[Start of section]

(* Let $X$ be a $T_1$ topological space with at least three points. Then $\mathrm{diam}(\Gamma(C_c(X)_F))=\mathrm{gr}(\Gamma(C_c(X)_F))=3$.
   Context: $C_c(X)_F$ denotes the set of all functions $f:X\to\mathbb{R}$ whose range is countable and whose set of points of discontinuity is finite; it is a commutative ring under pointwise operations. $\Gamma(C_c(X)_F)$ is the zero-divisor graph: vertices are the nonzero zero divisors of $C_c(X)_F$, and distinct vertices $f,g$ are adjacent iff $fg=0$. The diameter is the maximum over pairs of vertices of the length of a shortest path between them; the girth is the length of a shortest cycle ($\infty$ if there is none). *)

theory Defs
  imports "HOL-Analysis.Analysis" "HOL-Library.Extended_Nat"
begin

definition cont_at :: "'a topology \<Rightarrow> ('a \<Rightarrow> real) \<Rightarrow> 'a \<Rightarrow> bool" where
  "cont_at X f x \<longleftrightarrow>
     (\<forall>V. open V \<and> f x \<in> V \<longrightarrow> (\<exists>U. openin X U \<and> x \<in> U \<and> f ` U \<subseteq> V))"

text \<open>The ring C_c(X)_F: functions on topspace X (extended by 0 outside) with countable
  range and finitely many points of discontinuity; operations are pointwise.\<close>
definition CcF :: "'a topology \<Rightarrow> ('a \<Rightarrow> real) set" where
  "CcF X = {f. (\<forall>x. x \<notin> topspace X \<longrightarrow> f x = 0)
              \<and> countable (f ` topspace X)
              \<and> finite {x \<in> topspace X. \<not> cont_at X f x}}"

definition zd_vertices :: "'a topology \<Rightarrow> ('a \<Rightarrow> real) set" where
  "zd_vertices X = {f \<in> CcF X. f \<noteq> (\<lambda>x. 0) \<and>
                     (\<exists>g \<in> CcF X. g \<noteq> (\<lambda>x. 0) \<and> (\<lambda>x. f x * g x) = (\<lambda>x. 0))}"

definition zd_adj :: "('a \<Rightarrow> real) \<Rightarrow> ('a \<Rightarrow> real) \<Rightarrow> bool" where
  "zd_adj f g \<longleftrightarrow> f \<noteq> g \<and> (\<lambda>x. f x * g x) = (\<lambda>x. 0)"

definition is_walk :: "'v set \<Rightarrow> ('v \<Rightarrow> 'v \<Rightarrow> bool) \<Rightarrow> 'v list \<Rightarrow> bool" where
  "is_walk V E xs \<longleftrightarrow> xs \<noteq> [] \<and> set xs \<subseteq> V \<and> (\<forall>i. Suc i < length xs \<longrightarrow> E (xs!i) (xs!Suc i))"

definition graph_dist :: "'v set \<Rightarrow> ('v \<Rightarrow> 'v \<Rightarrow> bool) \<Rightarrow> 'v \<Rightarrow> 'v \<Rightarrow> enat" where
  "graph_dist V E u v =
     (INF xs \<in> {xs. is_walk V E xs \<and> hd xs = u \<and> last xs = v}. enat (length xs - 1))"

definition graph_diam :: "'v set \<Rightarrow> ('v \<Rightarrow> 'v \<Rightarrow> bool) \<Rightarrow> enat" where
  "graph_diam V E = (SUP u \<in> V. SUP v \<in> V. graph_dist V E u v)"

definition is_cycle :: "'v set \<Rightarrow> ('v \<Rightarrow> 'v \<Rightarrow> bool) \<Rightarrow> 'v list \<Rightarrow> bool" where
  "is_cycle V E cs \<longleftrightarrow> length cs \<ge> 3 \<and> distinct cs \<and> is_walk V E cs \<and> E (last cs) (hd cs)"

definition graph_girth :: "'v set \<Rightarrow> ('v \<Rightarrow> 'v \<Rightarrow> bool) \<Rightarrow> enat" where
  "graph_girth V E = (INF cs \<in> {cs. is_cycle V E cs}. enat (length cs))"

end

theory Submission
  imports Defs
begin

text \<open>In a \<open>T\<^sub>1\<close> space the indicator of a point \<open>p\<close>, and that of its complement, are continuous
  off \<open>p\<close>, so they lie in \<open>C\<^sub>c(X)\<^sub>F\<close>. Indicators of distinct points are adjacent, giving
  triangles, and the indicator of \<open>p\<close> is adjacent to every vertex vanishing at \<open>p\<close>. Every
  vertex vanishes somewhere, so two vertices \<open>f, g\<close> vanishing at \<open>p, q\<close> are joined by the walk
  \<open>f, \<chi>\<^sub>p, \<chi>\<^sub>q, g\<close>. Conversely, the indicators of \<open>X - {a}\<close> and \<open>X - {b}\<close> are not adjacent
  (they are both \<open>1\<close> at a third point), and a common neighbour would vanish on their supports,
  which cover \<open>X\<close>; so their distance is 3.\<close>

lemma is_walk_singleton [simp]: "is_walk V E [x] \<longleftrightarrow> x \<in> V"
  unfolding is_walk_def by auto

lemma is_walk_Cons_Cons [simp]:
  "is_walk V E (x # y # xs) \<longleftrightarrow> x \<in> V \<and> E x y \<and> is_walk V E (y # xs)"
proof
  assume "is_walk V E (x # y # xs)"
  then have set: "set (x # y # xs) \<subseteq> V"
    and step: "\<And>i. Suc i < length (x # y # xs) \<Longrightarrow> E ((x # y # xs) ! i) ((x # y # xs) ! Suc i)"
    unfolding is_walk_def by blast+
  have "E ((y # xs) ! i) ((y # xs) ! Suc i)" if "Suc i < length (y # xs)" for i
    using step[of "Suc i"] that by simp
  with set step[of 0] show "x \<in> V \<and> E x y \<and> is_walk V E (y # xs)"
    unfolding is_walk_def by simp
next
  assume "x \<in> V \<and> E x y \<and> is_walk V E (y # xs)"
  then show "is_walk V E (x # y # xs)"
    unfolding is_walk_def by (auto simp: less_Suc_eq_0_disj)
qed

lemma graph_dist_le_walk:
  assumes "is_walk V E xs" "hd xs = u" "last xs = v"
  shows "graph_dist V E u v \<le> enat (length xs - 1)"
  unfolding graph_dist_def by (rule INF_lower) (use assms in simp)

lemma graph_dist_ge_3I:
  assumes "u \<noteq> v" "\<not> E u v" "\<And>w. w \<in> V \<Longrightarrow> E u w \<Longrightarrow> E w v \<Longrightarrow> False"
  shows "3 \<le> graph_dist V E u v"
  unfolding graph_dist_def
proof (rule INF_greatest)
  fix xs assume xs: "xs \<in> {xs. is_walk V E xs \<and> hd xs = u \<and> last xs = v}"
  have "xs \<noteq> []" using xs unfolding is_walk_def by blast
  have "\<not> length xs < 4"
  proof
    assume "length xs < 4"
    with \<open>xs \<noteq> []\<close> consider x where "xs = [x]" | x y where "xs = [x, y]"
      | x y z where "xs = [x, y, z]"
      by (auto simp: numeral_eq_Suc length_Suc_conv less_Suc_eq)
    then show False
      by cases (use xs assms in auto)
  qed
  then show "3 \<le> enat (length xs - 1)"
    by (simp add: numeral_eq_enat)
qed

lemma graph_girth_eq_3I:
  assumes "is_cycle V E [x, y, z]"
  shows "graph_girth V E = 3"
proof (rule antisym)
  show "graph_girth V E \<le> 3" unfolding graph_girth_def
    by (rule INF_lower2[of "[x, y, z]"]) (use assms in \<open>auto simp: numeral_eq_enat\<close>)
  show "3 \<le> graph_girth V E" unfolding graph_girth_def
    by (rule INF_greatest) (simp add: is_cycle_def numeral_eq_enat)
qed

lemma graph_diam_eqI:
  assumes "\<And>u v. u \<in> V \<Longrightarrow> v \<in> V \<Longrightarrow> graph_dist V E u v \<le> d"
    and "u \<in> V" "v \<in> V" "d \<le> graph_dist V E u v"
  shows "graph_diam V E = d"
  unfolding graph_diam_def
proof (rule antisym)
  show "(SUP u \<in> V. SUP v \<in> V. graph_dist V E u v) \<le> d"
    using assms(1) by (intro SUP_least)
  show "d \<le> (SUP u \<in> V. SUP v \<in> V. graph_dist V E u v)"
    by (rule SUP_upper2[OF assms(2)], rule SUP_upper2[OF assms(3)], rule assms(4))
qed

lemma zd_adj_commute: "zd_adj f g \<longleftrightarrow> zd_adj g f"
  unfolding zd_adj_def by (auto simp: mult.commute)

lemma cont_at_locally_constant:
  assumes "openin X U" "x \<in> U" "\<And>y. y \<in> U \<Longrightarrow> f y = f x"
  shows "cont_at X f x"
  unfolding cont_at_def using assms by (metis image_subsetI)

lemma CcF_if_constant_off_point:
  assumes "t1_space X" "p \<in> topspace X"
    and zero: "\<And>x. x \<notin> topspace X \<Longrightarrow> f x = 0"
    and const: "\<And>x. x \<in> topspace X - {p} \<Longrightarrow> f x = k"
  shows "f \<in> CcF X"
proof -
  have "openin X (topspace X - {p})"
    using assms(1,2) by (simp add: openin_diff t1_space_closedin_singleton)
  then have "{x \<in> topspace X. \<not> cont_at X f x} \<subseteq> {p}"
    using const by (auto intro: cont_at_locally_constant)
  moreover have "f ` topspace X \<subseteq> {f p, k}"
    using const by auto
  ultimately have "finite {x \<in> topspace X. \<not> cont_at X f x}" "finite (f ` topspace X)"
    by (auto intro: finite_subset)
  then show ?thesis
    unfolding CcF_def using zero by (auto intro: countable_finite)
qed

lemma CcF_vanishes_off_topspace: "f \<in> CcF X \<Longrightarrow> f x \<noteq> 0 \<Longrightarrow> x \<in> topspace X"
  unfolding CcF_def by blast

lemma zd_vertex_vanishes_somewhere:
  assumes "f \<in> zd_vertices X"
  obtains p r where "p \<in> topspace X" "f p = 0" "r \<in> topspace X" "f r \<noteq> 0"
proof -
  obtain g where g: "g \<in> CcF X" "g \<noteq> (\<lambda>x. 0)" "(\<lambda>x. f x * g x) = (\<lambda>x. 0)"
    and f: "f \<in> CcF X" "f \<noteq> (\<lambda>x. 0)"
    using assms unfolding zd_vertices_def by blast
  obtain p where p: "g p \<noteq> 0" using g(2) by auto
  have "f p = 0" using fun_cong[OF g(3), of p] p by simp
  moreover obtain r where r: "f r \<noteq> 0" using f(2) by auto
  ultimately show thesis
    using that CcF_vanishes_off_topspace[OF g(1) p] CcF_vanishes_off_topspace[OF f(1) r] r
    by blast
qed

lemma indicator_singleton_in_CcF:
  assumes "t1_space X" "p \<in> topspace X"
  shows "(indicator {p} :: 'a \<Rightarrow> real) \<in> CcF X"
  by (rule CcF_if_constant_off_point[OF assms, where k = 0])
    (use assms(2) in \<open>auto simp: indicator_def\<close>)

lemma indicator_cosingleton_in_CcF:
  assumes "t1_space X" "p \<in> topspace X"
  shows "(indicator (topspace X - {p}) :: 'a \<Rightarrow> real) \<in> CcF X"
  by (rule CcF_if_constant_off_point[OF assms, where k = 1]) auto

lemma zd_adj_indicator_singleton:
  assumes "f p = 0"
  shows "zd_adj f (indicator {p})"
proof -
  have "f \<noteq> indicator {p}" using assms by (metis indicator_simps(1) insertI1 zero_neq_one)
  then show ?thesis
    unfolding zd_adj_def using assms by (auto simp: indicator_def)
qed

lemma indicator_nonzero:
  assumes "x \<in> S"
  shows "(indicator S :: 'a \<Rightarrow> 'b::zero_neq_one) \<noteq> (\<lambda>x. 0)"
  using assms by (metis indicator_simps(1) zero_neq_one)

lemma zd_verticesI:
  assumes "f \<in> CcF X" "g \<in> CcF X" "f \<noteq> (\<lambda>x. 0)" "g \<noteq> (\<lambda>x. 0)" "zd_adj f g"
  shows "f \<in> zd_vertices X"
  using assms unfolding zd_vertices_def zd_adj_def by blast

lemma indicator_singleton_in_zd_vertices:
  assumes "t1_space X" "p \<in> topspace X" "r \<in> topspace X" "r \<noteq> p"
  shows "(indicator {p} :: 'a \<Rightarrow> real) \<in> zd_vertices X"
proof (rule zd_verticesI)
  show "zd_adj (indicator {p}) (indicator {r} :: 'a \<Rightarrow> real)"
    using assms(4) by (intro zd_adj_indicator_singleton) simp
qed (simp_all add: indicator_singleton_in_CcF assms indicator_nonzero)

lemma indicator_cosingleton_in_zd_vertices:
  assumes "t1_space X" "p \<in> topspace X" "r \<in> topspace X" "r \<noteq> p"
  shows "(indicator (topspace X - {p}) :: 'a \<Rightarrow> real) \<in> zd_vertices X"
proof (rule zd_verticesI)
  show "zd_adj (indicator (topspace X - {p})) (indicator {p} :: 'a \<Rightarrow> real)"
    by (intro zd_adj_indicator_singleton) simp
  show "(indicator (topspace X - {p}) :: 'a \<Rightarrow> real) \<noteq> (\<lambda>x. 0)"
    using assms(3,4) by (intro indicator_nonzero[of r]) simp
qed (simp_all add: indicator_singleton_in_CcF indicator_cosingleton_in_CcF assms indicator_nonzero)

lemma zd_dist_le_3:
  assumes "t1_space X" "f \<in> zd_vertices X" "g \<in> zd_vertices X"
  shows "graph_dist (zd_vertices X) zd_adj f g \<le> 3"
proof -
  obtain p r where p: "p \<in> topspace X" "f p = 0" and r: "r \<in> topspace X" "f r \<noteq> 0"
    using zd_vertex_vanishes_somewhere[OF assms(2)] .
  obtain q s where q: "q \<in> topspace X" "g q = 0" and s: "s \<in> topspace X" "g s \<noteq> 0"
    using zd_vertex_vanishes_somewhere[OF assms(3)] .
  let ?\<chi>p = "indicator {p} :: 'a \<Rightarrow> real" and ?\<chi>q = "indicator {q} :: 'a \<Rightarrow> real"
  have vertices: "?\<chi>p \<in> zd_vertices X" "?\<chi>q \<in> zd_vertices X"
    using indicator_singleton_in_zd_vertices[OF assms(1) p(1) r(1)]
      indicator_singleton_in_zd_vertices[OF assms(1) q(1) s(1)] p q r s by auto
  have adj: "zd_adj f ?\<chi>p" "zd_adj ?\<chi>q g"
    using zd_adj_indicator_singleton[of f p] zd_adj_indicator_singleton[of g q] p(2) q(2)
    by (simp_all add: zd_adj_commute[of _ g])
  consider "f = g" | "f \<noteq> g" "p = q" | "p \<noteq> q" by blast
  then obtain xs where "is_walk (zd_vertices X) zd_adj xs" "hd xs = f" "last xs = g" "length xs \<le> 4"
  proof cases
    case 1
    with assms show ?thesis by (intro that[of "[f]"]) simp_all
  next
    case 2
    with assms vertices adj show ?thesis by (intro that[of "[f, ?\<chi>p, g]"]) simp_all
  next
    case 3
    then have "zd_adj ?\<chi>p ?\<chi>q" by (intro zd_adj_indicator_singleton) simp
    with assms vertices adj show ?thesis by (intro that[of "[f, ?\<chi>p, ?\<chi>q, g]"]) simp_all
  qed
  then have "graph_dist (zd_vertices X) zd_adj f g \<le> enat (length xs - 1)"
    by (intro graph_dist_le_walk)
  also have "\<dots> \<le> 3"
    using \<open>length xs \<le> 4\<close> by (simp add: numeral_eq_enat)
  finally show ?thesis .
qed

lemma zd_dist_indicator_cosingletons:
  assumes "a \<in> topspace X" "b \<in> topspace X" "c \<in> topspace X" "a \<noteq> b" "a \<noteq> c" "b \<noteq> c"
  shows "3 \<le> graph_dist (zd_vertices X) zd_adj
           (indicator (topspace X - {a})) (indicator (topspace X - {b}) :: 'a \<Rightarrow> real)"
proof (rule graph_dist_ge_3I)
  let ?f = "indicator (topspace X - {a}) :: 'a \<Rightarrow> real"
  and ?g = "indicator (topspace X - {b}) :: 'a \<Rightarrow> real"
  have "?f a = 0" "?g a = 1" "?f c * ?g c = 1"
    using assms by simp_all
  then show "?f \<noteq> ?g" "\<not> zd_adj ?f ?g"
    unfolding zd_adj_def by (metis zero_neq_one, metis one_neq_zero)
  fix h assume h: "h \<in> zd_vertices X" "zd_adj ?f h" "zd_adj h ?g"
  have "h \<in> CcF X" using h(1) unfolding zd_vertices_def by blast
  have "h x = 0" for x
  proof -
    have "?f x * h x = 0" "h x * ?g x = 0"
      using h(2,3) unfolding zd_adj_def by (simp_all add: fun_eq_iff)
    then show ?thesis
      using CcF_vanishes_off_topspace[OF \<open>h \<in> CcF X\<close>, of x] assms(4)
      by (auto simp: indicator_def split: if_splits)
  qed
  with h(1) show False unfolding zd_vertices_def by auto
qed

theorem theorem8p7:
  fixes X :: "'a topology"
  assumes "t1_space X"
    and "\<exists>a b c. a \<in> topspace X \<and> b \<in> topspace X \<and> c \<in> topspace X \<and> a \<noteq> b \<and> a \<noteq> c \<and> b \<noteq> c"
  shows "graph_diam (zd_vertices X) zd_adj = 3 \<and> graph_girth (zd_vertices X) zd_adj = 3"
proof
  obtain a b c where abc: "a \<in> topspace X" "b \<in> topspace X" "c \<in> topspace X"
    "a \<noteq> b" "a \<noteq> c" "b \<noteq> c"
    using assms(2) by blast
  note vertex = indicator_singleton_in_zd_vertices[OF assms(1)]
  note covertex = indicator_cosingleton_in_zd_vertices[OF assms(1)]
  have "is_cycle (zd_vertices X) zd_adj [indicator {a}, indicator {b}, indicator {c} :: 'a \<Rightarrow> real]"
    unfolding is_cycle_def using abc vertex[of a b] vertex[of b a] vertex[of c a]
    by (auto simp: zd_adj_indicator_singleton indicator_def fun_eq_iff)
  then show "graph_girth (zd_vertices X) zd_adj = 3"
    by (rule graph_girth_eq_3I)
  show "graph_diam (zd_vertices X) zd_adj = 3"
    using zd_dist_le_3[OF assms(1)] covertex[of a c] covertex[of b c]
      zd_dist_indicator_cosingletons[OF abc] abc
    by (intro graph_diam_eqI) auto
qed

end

[End of section]
[Start of section]

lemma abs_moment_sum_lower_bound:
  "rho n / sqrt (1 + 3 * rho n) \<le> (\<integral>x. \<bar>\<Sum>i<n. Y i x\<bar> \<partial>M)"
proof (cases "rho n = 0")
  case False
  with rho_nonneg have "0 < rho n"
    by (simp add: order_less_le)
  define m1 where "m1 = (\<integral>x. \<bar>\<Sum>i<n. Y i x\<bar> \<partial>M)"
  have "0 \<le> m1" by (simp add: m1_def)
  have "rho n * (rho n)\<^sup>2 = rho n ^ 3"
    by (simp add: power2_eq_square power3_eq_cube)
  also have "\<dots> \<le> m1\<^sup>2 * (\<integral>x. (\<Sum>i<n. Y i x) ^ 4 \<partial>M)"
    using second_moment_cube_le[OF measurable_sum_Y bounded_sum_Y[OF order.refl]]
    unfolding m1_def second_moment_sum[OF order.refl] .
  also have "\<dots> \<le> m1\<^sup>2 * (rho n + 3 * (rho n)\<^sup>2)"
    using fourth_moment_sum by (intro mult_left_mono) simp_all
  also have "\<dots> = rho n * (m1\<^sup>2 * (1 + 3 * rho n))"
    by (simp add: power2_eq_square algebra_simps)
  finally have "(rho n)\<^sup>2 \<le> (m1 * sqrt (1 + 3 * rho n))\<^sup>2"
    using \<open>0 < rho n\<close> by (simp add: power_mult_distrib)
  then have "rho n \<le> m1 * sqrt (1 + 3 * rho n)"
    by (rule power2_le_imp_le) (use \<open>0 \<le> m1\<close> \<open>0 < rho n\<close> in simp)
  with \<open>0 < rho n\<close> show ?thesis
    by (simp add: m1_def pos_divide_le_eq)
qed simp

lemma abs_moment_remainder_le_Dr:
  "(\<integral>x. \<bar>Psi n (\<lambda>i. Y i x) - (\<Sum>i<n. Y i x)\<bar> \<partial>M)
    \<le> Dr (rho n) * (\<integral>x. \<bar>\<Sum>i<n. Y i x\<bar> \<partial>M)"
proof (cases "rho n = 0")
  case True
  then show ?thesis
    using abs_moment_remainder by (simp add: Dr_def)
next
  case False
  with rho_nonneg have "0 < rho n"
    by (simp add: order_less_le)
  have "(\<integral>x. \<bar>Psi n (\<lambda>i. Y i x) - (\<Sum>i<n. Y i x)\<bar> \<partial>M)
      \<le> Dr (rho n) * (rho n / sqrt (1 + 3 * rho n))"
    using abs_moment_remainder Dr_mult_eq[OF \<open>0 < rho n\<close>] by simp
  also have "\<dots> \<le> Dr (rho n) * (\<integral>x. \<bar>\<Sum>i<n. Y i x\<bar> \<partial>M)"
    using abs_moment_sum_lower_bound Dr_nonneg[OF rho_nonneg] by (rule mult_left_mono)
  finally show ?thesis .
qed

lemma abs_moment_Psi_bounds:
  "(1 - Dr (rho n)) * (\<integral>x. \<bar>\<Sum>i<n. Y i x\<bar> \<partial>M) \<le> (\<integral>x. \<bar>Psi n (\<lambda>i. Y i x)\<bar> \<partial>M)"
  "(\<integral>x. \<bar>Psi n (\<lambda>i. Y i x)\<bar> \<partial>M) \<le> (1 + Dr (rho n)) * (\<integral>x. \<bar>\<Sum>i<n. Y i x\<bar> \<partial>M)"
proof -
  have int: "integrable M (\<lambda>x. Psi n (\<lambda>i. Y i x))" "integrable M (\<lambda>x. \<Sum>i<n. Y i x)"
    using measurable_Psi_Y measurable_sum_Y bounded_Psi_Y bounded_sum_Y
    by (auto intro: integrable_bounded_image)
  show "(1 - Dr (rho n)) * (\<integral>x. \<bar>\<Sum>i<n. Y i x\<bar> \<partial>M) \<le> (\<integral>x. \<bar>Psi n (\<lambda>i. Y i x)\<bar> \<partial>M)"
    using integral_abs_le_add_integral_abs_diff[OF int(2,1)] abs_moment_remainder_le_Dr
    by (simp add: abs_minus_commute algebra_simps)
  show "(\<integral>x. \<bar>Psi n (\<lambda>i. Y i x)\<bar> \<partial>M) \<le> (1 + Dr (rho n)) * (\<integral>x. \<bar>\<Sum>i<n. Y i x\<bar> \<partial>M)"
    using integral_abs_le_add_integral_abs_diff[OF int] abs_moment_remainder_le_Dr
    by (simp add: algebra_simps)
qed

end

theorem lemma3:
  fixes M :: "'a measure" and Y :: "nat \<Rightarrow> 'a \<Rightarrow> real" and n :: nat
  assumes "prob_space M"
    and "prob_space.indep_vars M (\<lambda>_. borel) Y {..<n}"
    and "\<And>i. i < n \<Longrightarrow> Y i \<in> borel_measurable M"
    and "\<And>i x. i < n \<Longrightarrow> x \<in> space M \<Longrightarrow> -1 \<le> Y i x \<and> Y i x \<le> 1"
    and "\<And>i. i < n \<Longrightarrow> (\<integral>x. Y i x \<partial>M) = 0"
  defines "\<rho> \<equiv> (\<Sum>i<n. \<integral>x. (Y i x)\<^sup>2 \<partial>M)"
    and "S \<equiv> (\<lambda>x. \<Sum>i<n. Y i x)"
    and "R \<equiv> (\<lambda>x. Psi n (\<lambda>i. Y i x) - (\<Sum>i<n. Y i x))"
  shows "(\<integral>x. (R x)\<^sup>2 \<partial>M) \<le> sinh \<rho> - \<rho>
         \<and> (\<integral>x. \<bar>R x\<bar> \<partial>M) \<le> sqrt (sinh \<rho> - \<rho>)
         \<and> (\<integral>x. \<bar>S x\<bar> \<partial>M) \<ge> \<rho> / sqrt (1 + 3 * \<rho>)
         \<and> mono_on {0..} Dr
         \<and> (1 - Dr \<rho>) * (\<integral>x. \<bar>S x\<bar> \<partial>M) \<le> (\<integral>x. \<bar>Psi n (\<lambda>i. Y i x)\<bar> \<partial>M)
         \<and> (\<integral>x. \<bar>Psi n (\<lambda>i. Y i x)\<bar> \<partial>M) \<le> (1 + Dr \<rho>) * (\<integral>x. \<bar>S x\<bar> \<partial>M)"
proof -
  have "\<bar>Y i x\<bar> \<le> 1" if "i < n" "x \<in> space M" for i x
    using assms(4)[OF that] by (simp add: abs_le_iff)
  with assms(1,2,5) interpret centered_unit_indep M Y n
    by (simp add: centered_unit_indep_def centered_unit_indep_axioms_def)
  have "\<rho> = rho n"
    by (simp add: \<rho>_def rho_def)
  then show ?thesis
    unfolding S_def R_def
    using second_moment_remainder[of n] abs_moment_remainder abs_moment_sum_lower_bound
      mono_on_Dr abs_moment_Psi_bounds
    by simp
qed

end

[End of section]

▶ [Problem to solve]:
Of the lines above, output exactly those from the line bearing "obtains p r" through the line bearing "by (rule CcF_if_constant_off_point[OF assms, where k = 0])", inclusive.

▶ [Finished exercise]:
  obtains p r where "p \<in> topspace X" "f p = 0" "r \<in> topspace X" "f r \<noteq> 0"
proof -
  obtain g where g: "g \<in> CcF X" "g \<noteq> (\<lambda>x. 0)" "(\<lambda>x. f x * g x) = (\<lambda>x. 0)"
    and f: "f \<in> CcF X" "f \<noteq> (\<lambda>x. 0)"
    using assms unfolding zd_vertices_def by blast
  obtain p where p: "g p \<noteq> 0" using g(2) by auto
  have "f p = 0" using fun_cong[OF g(3), of p] p by simp
  moreover obtain r where r: "f r \<noteq> 0" using f(2) by auto
  ultimately show thesis
    using that CcF_vanishes_off_topspace[OF g(1) p] CcF_vanishes_off_topspace[OF f(1) r] r
    by blast
qed

lemma indicator_singleton_in_CcF:
  assumes "t1_space X" "p \<in> topspace X"
  shows "(indicator {p} :: 'a \<Rightarrow> real) \<in> CcF X"
  by (rule CcF_if_constant_off_point[OF assms, where k = 0])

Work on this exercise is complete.